Je veux vous dire aussi qu'on retrouve la
même incohérence du gouvernement conservateur dans le dossier des
infrastructures. Pourquoi je vous dis ça? Parce que ça fait des mois qu'on nous
dit : Attendez le budget fédéral, vous allez enfin connaître quels sont
les paramètres pour les programmes d'infrastructure
au Québec, alors qu'hier absolument aucun détail n'est donné. Pourtant,
les nouvelles enveloppes vont être en vigueur à
compter du 1er avril 2014, là, puis ça, ce que ça veut dire
concrètement, comme on n'a aucun détail de ces
programmes-là… que les projets d'arénas,
partout à travers le Québec, les projets de routes, bref, les projets d'infrastructure, bien, ce sont des
projets qui seront retardés par l'hésitation et l'improvisation du gouvernement
d'Ottawa.
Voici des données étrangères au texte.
(* Let $\mathcal{S}$ be either of the calculi $\mathcal{M}'_{2018}$ or $\mathcal{M}'^{-}_{2018}$ defined below. Let $\xi,\zeta$ be stoups, $\Pi,\Gamma_1,\Gamma_2$ finite sequences of tree terms, $A,C$ formulae and $\Xi(\cdot)$ a meta-formula context (all in the language of $\mathcal{S}$). If the sequents $\xi;\Pi\to A$ and $\Xi(\zeta;\Gamma_1,A,\Gamma_2)\to C$ are derivable in $\mathcal{S}$, then the sequent $\Xi(\xi,\zeta;\Gamma_1,\Pi,\Gamma_2)\to C$ is also derivable in $\mathcal{S}$.
   Context: Formulae are built from a countable set of variables and the constant $\mathbf{1}$ by the binary connectives $\backslash$, $/$, $\cdot$, $\wedge$, $\vee$ and the unary connectives $\langle\rangle$, $[]^{-1}$ (bracket modalities) and $!$ (subexponential). A stoup is a finite multiset of formulae ($\varnothing$ is the empty stoup). A tree term is either a formula or an expression $[\Xi]$ with $\Xi$ a meta-formula; a meta-formula is an expression $\zeta;\Gamma$ where $\zeta$ is a stoup and $\Gamma$ is a finite linearly ordered sequence of tree terms (the empty sequence is written $\Lambda$); $\varnothing;\Gamma$ is written simply $\Gamma$. Comma denotes both concatenation of sequences and multiset union of stoups; $\zeta,A$ is $\zeta$ with one more copy of $A$. A sequent is $\Xi\to C$ with $\Xi$ a meta-formula and $C$ a formula. $\Xi(\Theta)$ denotes a meta-formula with a designated occurrence of a meta-formula $\Theta$, which is either $\Xi$ itself or the content of some bracket $[\Theta]$ occurring at any depth in $\Xi$; $\Xi(\Theta')$ is the result of replacing that occurrence by $\Theta'$. Below $A,B,C,D,A_1,A_2$ are formulae, $\Gamma,\Delta,\Delta_i,\Gamma_i$ sequences of tree terms, $\zeta,\zeta',\zeta_i$ stoups, $\Xi$ a meta-formula. Common axioms and rules: axioms $A\to A$ and $\Lambda\to\mathbf 1$; ($/L$) from $\zeta_1;\Gamma\to B$ and $\Xi(\zeta_2;\Delta_1,C,\Delta_2)\to D$ infer $\Xi(\zeta_1,\zeta_2;\Delta_1,C/B,\Gamma,\Delta_2)\to D$; ($/R$) from $\zeta;\Gamma,B\to C$ infer $\zeta;\Gamma\to C/B$; ($\backslash L$) from $\zeta_1;\Gamma\to A$ and $\Xi(\zeta_2;\Delta_1,C,\Delta_2)\to D$ infer $\Xi(\zeta_1,\zeta_2;\Delta_1,\Gamma,A\backslash C,\Delta_2)\to D$; ($\backslash R$) from $\zeta;A,\Gamma\to C$ infer $\zeta;\Gamma\to A\backslash C$; ($\cdot L$) from $\Xi(\zeta;\Delta_1,A,B,\Delta_2)\to D$ infer $\Xi(\zeta;\Delta_1,A\cdot B,\Delta_2)\to D$; ($\cdot R$) from $\zeta_1;\Delta\to A$ and $\zeta_2;\Gamma\to B$ infer $\zeta_1,\zeta_2;\Delta,\Gamma\to A\cdot B$; ($\mathbf1 L$) from $\Xi(\zeta;\Delta_1,\Delta_2)\to A$ infer $\Xi(\zeta;\Delta_1,\mathbf1,\Delta_2)\to A$; ($\vee L$) from $\Xi(\zeta;\Delta_1,A_1,\Delta_2)\to C$ and $\Xi(\zeta;\Delta_1,A_2,\Delta_2)\to C$ infer $\Xi(\zeta;\Delta_1,A_1\vee A_2,\Delta_2)\to C$; ($\vee R_i$, $i=1,2$) from $\Xi\to A_i$ infer $\Xi\to A_1\vee A_2$; ($\wedge L_i$) from $\Xi(\zeta;\Delta_1,A_i,\Delta_2)\to C$ infer $\Xi(\zeta;\Delta_1,A_1\wedge A_2,\Delta_2)\to C$; ($\wedge R$) from $\Xi\to A_1$ and $\Xi\to A_2$ infer $\Xi\to A_1\wedge A_2$; ($[]^{-1}L$) from $\Xi(\zeta;\Delta_1,A,\Delta_2)\to B$ infer $\Xi(\zeta;\Delta_1,[[]^{-1}A],\Delta_2)\to B$; ($[]^{-1}R$) from $[\Xi]\to A$ infer $\Xi\to []^{-1}A$; ($\langle\rangle L$) from $\Xi(\zeta;\Delta_1,[A],\Delta_2)\to B$ infer $\Xi(\zeta;\Delta_1,\langle\rangle A,\Delta_2)\to B$; ($\langle\rangle R$) from $\Xi\to A$ infer $[\Xi]\to\langle\rangle A$; ($!L$) from $\Xi(\zeta,A;\Gamma_1,\Gamma_2)\to B$ infer $\Xi(\zeta;\Gamma_1,!A,\Gamma_2)\to B$; ($!P$) from $\Xi(\zeta;\Gamma_1,A,\Gamma_2)\to B$ infer $\Xi(\zeta,A;\Gamma_1,\Gamma_2)\to B$. The calculus $\mathcal{M}'_{2018}$ consists of the common axioms and rules together with ($!R'$) from $A;\Lambda\to B$ infer $A;\Lambda\to !B$ (the stoup consists of exactly one formula) and ($!C'$) from $\Xi(\zeta,A;\Gamma_1,[\zeta',A;\Gamma_2],\Gamma_3)\to B$ infer $\Xi(\zeta,A;\Gamma_1,[[\zeta';\Gamma_2]],\Gamma_3)\to B$. The calculus $\mathcal{M}'^{-}_{2018}$ (with Lambek's non-emptiness restriction) is $\mathcal{M}'_{2018}$ restricted to formulae not containing $\mathbf1$, without the axiom $\Lambda\to\mathbf1$ and the rule $\mathbf1L$, and with the side conditions: $\backslash R$ and $/R$ may be applied only if $\Gamma\neq\Lambda$ or $\zeta\neq\varnothing$; $!C'$ may be applied only if $\Gamma_2\neq\Lambda$ or $\zeta'\neq\varnothing$. Cut is not a rule of these calculi; "derivable" means derivable by the listed axioms and rules. *)

theory Defs
  imports Main "HOL-Library.Multiset"
begin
Et, encore sur ce dossier-là, comme on le savait, nous, le
gouvernement du Québec, qu'on en arriverait…
c'est-à-dire que les programmes seraient en vigueur à
compter du 1er avril, bien, on n'a pas attendu à la dernière
minute, on a envoyé le projet d'entente dès l'automne dernier, dès le mois
d'octobre dernier. Savez-vous ce qu'on a reçu comme réponse de la part du
gouvernement fédéral? Aucun commentaire. Alors, on est encore dans ce même
scénario où le Québec fait face à un programme qui est annoncé sans pourtant
faire connaître le détail sur la manière dont il sera déployé.
Avez-vous entendu de quoi, hier, sur le
SLR? On nous annonce qu'on va faire un péage sur le pont Champlain, qu'on va
mettre en place une structure de train pour
accueillir le SLR, mais on ne dit pas comment on va le financer. Comment
voulez-vous qu'on se lance pour la construction d'un nouveau pont avec un train,
si on ne s'assure pas que le financement du train en fait partie? Alors, c'est
pour ça que le gouvernement du Québec a demandé au gouvernement d'Ottawa, dans
son enveloppe sur l'infrastructure, de prévoir le milliard à même les fonds qui
doivent revenir au gouvernement du Québec. Le maire de Montréal a lui-même fait cette même demande, et hier,
malheureusement, on n'a absolument rien retrouvé dans le budget du gouvernement
fédéral.
Même incohérence aussi sur le respect des
compétences du Québec. Vous savez que les conservateurs aiment dire, d'un côté de la bouche,
qu'ils respectent les compétences du Québec. Vous vous souvenez du fameux
discours de la Chambre de commerce de Québec à l'effet qu'ils allaient
respecter le partage des compétences. Pourtant, hier, à nouveau, on nous arrive
avec une bonification des programmes de bourses pour les étudiants aux études
supérieures. S'il y a un domaine qui fait consensus puis que c'est clair pour
tout le monde que c'est de la responsabilité du Québec, c'est certainement les
prêts et bourses, auxquels, comme vous le
savez, on s'est battus, à l'époque, pour les fameuses bourses du millénaire.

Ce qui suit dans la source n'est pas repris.